• _YOUR ASSIGNMENT_
Write out the entries below exactly. End with the line that contains "Q \<Longrightarrow> sum".

----- RECORDS TO PROCESS -----

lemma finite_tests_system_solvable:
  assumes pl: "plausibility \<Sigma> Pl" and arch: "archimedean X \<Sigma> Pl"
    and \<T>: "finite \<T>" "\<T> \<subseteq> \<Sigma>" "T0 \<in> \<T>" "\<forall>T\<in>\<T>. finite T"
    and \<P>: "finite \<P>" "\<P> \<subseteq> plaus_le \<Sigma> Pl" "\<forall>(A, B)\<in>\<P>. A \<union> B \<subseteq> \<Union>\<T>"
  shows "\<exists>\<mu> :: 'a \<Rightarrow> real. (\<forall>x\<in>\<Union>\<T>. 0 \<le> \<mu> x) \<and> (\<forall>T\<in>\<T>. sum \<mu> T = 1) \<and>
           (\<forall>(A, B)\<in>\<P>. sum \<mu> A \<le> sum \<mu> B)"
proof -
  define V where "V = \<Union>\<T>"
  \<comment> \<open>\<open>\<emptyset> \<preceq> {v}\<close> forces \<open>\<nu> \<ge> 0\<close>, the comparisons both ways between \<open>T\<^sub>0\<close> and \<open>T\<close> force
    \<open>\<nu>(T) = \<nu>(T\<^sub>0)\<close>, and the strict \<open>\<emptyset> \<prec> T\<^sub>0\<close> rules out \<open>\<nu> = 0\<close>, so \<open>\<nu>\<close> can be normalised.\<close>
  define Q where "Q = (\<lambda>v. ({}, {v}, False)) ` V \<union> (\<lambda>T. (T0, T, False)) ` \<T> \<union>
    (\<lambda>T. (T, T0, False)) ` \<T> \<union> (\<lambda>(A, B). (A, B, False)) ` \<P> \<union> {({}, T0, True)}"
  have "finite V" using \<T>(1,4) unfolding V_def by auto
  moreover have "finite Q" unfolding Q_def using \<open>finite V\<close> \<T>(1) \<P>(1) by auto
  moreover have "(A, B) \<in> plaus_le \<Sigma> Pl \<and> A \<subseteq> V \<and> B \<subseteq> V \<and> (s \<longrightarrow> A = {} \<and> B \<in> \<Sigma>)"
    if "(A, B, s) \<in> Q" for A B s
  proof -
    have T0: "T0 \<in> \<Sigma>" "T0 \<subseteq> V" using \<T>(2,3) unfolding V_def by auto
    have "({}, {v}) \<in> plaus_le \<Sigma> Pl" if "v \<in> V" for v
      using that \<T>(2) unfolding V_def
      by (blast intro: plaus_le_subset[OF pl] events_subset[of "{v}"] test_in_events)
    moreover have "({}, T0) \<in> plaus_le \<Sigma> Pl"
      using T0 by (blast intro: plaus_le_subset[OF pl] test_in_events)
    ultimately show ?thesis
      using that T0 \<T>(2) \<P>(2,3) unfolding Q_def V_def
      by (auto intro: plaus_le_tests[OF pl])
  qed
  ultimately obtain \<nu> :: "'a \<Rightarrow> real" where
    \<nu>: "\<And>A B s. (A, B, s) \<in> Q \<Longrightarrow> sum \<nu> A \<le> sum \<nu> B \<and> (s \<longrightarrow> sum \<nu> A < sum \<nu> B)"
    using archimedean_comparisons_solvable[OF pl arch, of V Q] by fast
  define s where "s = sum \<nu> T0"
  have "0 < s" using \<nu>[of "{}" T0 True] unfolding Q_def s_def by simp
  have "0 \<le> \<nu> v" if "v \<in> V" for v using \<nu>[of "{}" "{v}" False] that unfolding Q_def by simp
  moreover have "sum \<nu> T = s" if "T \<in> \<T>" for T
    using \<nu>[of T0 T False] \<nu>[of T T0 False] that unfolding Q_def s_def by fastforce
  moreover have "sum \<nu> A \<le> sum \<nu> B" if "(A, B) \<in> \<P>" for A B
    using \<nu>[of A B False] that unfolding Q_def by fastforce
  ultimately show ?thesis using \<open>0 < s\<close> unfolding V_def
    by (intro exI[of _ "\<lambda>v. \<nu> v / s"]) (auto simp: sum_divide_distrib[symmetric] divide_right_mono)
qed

-----

• _REPLY_
lemma finite_tests_system_solvable:
  assumes pl: "plausibility \<Sigma> Pl" and arch: "archimedean X \<Sigma> Pl"
    and \<T>: "finite \<T>" "\<T> \<subseteq> \<Sigma>" "T0 \<in> \<T>" "\<forall>T\<in>\<T>. finite T"
    and \<P>: "finite \<P>" "\<P> \<subseteq> plaus_le \<Sigma> Pl" "\<forall>(A, B)\<in>\<P>. A \<union> B \<subseteq> \<Union>\<T>"
  shows "\<exists>\<mu> :: 'a \<Rightarrow> real. (\<forall>x\<in>\<Union>\<T>. 0 \<le> \<mu> x) \<and> (\<forall>T\<in>\<T>. sum \<mu> T = 1) \<and>
           (\<forall>(A, B)\<in>\<P>. sum \<mu> A \<le> sum \<mu> B)"
proof -
  define V where "V = \<Union>\<T>"
  \<comment> \<open>\<open>\<emptyset> \<preceq> {v}\<close> forces \<open>\<nu> \<ge> 0\<close>, the comparisons both ways between \<open>T\<^sub>0\<close> and \<open>T\<close> force
    \<open>\<nu>(T) = \<nu>(T\<^sub>0)\<close>, and the strict \<open>\<emptyset> \<prec> T\<^sub>0\<close> rules out \<open>\<nu> = 0\<close>, so \<open>\<nu>\<close> can be normalised.\<close>
  define Q where "Q = (\<lambda>v. ({}, {v}, False)) ` V \<union> (\<lambda>T. (T0, T, False)) ` \<T> \<union>
    (\<lambda>T. (T, T0, False)) ` \<T> \<union> (\<lambda>(A, B). (A, B, False)) ` \<P> \<union> {({}, T0, True)}"
  have "finite V" using \<T>(1,4) unfolding V_def by auto
  moreover have "finite Q" unfolding Q_def using \<open>finite V\<close> \<T>(1) \<P>(1) by auto
  moreover have "(A, B) \<in> plaus_le \<Sigma> Pl \<and> A \<subseteq> V \<and> B \<subseteq> V \<and> (s \<longrightarrow> A = {} \<and> B \<in> \<Sigma>)"
    if "(A, B, s) \<in> Q" for A B s
  proof -
    have T0: "T0 \<in> \<Sigma>" "T0 \<subseteq> V" using \<T>(2,3) unfolding V_def by auto
    have "({}, {v}) \<in> plaus_le \<Sigma> Pl" if "v \<in> V" for v
      using that \<T>(2) unfolding V_def
      by (blast intro: plaus_le_subset[OF pl] events_subset[of "{v}"] test_in_events)
    moreover have "({}, T0) \<in> plaus_le \<Sigma> Pl"
      using T0 by (blast intro: plaus_le_subset[OF pl] test_in_events)
    ultimately show ?thesis
      using that T0 \<T>(2) \<P>(2,3) unfolding Q_def V_def
      by (auto intro: plaus_le_tests[OF pl])
  qed
  ultimately obtain \<nu> :: "'a \<Rightarrow> real" where
    \<nu>: "\<And>A B s. (A, B, s) \<in> Q \<Longrightarrow> sum \<nu> A \<le> sum \<nu> B \<and> (s \<longrightarrow> sum \<nu> A < sum \<nu> B)"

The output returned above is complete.